How to complete this task: Once the line containing "unfolding sin_rec by" is found in the data below, output that line and every line after it through the last, unchanged and with nothing else.

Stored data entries
________________________

(* There is an absolute constant $c_0<10$ such that for each $b\in(0,\pi)$, each $n\in\mathbb{N}$ and every odd trigonometric polynomial $T_n\in\mathcal{T}_n$, $$\|T_n'\|_{[-b/2,b/2]}\le \frac{c_0}{b}\,n\,\|T_n\|_{[-b,b]}.$$
   Context: $\mathcal{T}_n$ is the space of real trigonometric polynomials $\alpha_0+\sum_{k=1}^n(\alpha_k\cos kt+\beta_k\sin kt)$ of degree $\le n$. For a function $g$ on $[a,b]$, $\|g\|_{[a,b]}:=\max_{x\in[a,b]}|g(x)|$. *)

theory Defs
  imports "HOL-Analysis.Analysis"
begin

definition trig_poly :: "nat \<Rightarrow> (real \<Rightarrow> real) \<Rightarrow> bool" where
  "trig_poly n T \<longleftrightarrow> (\<exists>\<alpha> \<beta> :: nat \<Rightarrow> real.
     \<forall>t. T t = \<alpha> 0 + (\<Sum>k=1..n. \<alpha> k * cos (real k * t) + \<beta> k * sin (real k * t)))"

definition sup_norm_on :: "(real \<Rightarrow> real) \<Rightarrow> real \<Rightarrow> real \<Rightarrow> real" where
  "sup_norm_on g a b = (SUP x\<in>{a..b}. \<bar>g x\<bar>)"

end

(*
  An odd T of degree n is a sine polynomial, and T(t) cos(t/2) = Q(sin(t/2)) for a real
  polynomial Q of degree at most 2n+1. Since the half-angle sine maps [-b,b] onto [-a,a],
  a = sin(b/2), Q is bounded there by the sup norm M of T on [-b,b]. Bernstein's inequality
  for algebraic polynomials, sqrt(a^2 - y^2) |Q'(y)| <= (2n+1) M, is good at the points
  y = sin(t/2) with |t| <= b/2, because they satisfy 2 y^2 <= a^2. Differentiating the
  identity gives T'(t) = Q'(sin(t/2))/2 + T(t) tan(t/2)/2, and a >= 0.29 b finishes the
  estimate. The algebraic Bernstein inequality is the trigonometric one for the cosine
  polynomial Q(a cos s), and the trigonometric one follows from M. Riesz's interpolation
  formula for the derivative.
*)
theory Submission
  imports Defs "HOL-Computational_Algebra.Polynomial"
begin

section \<open>Bernstein's inequality via M. Riesz's interpolation formula\<close>

definition riesz_node :: "nat \<Rightarrow> nat \<Rightarrow> real" where
  "riesz_node m k = (2 * real k + 1) * pi / (2 * real m)"

definition riesz_weight :: "nat \<Rightarrow> nat \<Rightarrow> real" where
  "riesz_weight m k = 1 / (sin (riesz_node m k / 2))\<^sup>2"

lemma riesz_node_reflect:
  assumes "k < 2 * m"
  shows "riesz_node m (2 * m - Suc k) = 2 * pi - riesz_node m k"
proof -
  have "real (2 * m - Suc k) = 2 * real m - 1 - real k"
    using assms by (simp add: of_nat_diff)
  then show ?thesis
    using assms unfolding riesz_node_def by (simp add: field_simps)
qed

lemma riesz_node_bounds:
  assumes "k < 2 * m"
  shows "0 < riesz_node m k" "riesz_node m k < 2 * pi"
proof -
  have "riesz_node m k = (2 * real k + 1) / (2 * real m) * pi"
    unfolding riesz_node_def by simp
  moreover have "(2 * real k + 1) / (2 * real m) < 2"
    using assms by (simp add: field_simps)
  then have "(2 * real k + 1) / (2 * real m) * pi < 2 * pi"
    by (intro mult_strict_right_mono) auto
  ultimately show "0 < riesz_node m k" "riesz_node m k < 2 * pi"
    using assms by simp_all
qed

lemma riesz_weight_pos:
  assumes "k < 2 * m"
  shows "0 < riesz_weight m k"
proof -
  have "0 < sin (riesz_node m k / 2)"
    using riesz_node_bounds[OF assms] by (intro sin_gt_zero) auto
  then show ?thesis unfolding riesz_weight_def by simp
qed

lemma riesz_weight_reflect: "k < 2 * m \<Longrightarrow> riesz_weight m (2 * m - Suc k) = riesz_weight m k"
  unfolding riesz_weight_def by (simp add: riesz_node_reflect diff_divide_distrib sin_diff)

lemma neg_one_power_reflect:
  assumes "k < 2 * m"
  shows "(-1::real) ^ (2 * m - Suc k) = - ((-1) ^ k)"
proof -
  have "even (2 * m - Suc k) \<longleftrightarrow> odd k" using assms by presburger
  then show ?thesis by (cases "even k") auto
qed

definition riesz_cos_sum :: "nat \<Rightarrow> real \<Rightarrow> real" where
  "riesz_cos_sum m j = (\<Sum>k<2*m. (-1)^k * cos (j * riesz_node m k) * riesz_weight m k)"

definition riesz_sin_sum :: "nat \<Rightarrow> real \<Rightarrow> real" where
  "riesz_sin_sum m j = (\<Sum>k<2*m. (-1)^k * sin (j * riesz_node m k) * riesz_weight m k)"

lemma riesz_cos_sum_eq_0: "riesz_cos_sum m (real j) = 0"
proof -
  let ?g = "\<lambda>k. (-1::real)^k * cos (real j * riesz_node m k) * riesz_weight m k"
  have cos_reflect: "cos (real j * (2 * pi - x)) = cos (real j * x)" for x
  proof -
    have "real j * (2 * pi - x) = real (2 * j) * pi - real j * x"
      by (simp add: algebra_simps)
    then show ?thesis by (simp add: cos_diff)
  qed
  have "(\<Sum>k<2*m. ?g k) = (\<Sum>k<2*m. ?g (2 * m - Suc k))"
    by (rule sum.nat_diff_reindex[symmetric])
  also have "\<dots> = - (\<Sum>k<2*m. ?g k)"
    unfolding sum_negf[symmetric]
    by (rule sum.cong) (simp_all add: riesz_node_reflect riesz_weight_reflect
        neg_one_power_reflect cos_reflect)
  finally show ?thesis unfolding riesz_cos_sum_def by simp
qed

lemma alternating_sin_sum_eq_0:
  assumes "1 \<le> j" "j < m"
  shows "(\<Sum>k<2*m. (-1::real)^k * sin (real j * riesz_node m k)) = 0"
proof -
  define \<alpha> where "\<alpha> = real j * pi / (2 * real m)"
  have node: "real j * riesz_node m k = (2 * real k + 1) * \<alpha>" for k
    unfolding riesz_node_def \<alpha>_def by (simp add: field_simps)
  have "real j / (2 * real m) * pi < 1/2 * pi"
    using assms by (intro mult_strict_right_mono) (auto simp: field_simps)
  then have "0 < cos \<alpha>"
    using assms unfolding \<alpha>_def by (intro cos_gt_zero) auto
  define u where "u k = (-1::real)^k * sin (2 * real k * \<alpha>)" for k
  have telescope: "2 * cos \<alpha> * ((-1)^k * sin ((2 * real k + 1) * \<alpha>)) = u k - u (Suc k)" for k
  proof -
    have "2 * real (Suc k) * \<alpha> = (2 * real k + 1) * \<alpha> + \<alpha>"
      and "2 * real k * \<alpha> = (2 * real k + 1) * \<alpha> - \<alpha>"
      by (simp_all add: algebra_simps)
    then have sum_eq: "sin (2 * real (Suc k) * \<alpha>) + sin (2 * real k * \<alpha>)
        = 2 * cos \<alpha> * sin ((2 * real k + 1) * \<alpha>)"
      by (simp only: sin_add sin_diff) (simp add: algebra_simps)
    have "u k - u (Suc k) = (-1)^k * (sin (2 * real (Suc k) * \<alpha>) + sin (2 * real k * \<alpha>))"
      unfolding u_def by (simp add: algebra_simps)
    then show ?thesis by (simp only: sum_eq) (simp add: algebra_simps)
  qed
  have full_turns: "2 * real (2 * m) * \<alpha> = real (2 * j) * pi"
    using assms unfolding \<alpha>_def by (simp add: field_simps)
  have "2 * cos \<alpha> * (\<Sum>k<2*m. (-1)^k * sin (real j * riesz_node m k)) = u 0 - u (2 * m)"
    unfolding node sum_distrib_left telescope by (rule sum_lessThan_telescope')
  also have "\<dots> = 0" unfolding u_def full_turns by simp
  finally show ?thesis using \<open>0 < cos \<alpha>\<close> by simp
qed

text \<open>Since the weight at a node \<theta> is 2 / (1 - cos \<theta>), the recurrence
  sin ((j+1)\<theta>) + sin ((j-1)\<theta>) = 2 cos \<theta> sin (j\<theta>) passes to the weighted sums with
  an unweighted error term.\<close>
lemma riesz_sin_sum_recurrence:
  assumes "1 \<le> m"
  shows "riesz_sin_sum m (j + 1) + riesz_sin_sum m (j - 1)
    = 2 * riesz_sin_sum m j - 4 * (\<Sum>k<2*m. (-1::real)^k * sin (j * riesz_node m k))"
proof -
  have weighted: "(-1)^k * sin ((j + 1) * \<theta>) * riesz_weight m k + (-1)^k * sin ((j - 1) * \<theta>) * riesz_weight m k
      = 2 * ((-1)^k * sin (j * \<theta>) * riesz_weight m k) - 4 * ((-1::real)^k * sin (j * \<theta>))"
    if "k < 2 * m" and \<theta>: "\<theta> = riesz_node m k" for k \<theta>
  proof -
    have w: "riesz_weight m k * (sin (\<theta> / 2))\<^sup>2 = 1"
      using riesz_weight_pos[OF that(1)] unfolding riesz_weight_def \<theta> by simp
    have "sin ((j + 1) * \<theta>) + sin ((j - 1) * \<theta>) = 2 * sin (j * \<theta>) * cos \<theta>"
      by (simp add: algebra_simps sin_add sin_diff)
    also have "\<dots> = 2 * sin (j * \<theta>) * (1 - 2 * (sin (\<theta> / 2))\<^sup>2)"
      using cos_double_sin[of "\<theta> / 2"] by simp
    finally have sin_rec: "sin ((j + 1) * \<theta>) + sin ((j - 1) * \<theta>)
        = 2 * sin (j * \<theta>) * (1 - 2 * (sin (\<theta> / 2))\<^sup>2)" .
    have "(-1)^k * sin ((j + 1) * \<theta>) * riesz_weight m k + (-1)^k * sin ((j - 1) * \<theta>) * riesz_weight m k
        = (-1)^k * riesz_weight m k * (sin ((j + 1) * \<theta>) + sin ((j - 1) * \<theta>))"
      by (simp add: algebra_simps)
    also have "\<dots> = 2 * ((-1)^k * sin (j * \<theta>) * riesz_weight m k)
        - 4 * ((-1)^k * sin (j * \<theta>)) * (riesz_weight m k * (sin (\<theta> / 2))\<^sup>2)"
      unfolding sin_rec by (simp add: algebra_simps)
    finally show ?thesis unfolding w by simp
  qed
  show ?thesis
    unfolding riesz_sin_sum_def sum.distrib[symmetric] sum_subtractf[symmetric] sum_distrib_left
    by (rule sum.cong) (simp_all add: weighted)
qed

________________________

Result:
      unfolding sin_rec by (simp add: algebra_simps)
    finally show ?thesis unfolding w by simp
  qed
  show ?thesis
    unfolding riesz_sin_sum_def sum.distrib[symmetric] sum_subtractf[symmetric] sum_distrib_left
    by (rule sum.cong) (simp_all add: weighted)
qed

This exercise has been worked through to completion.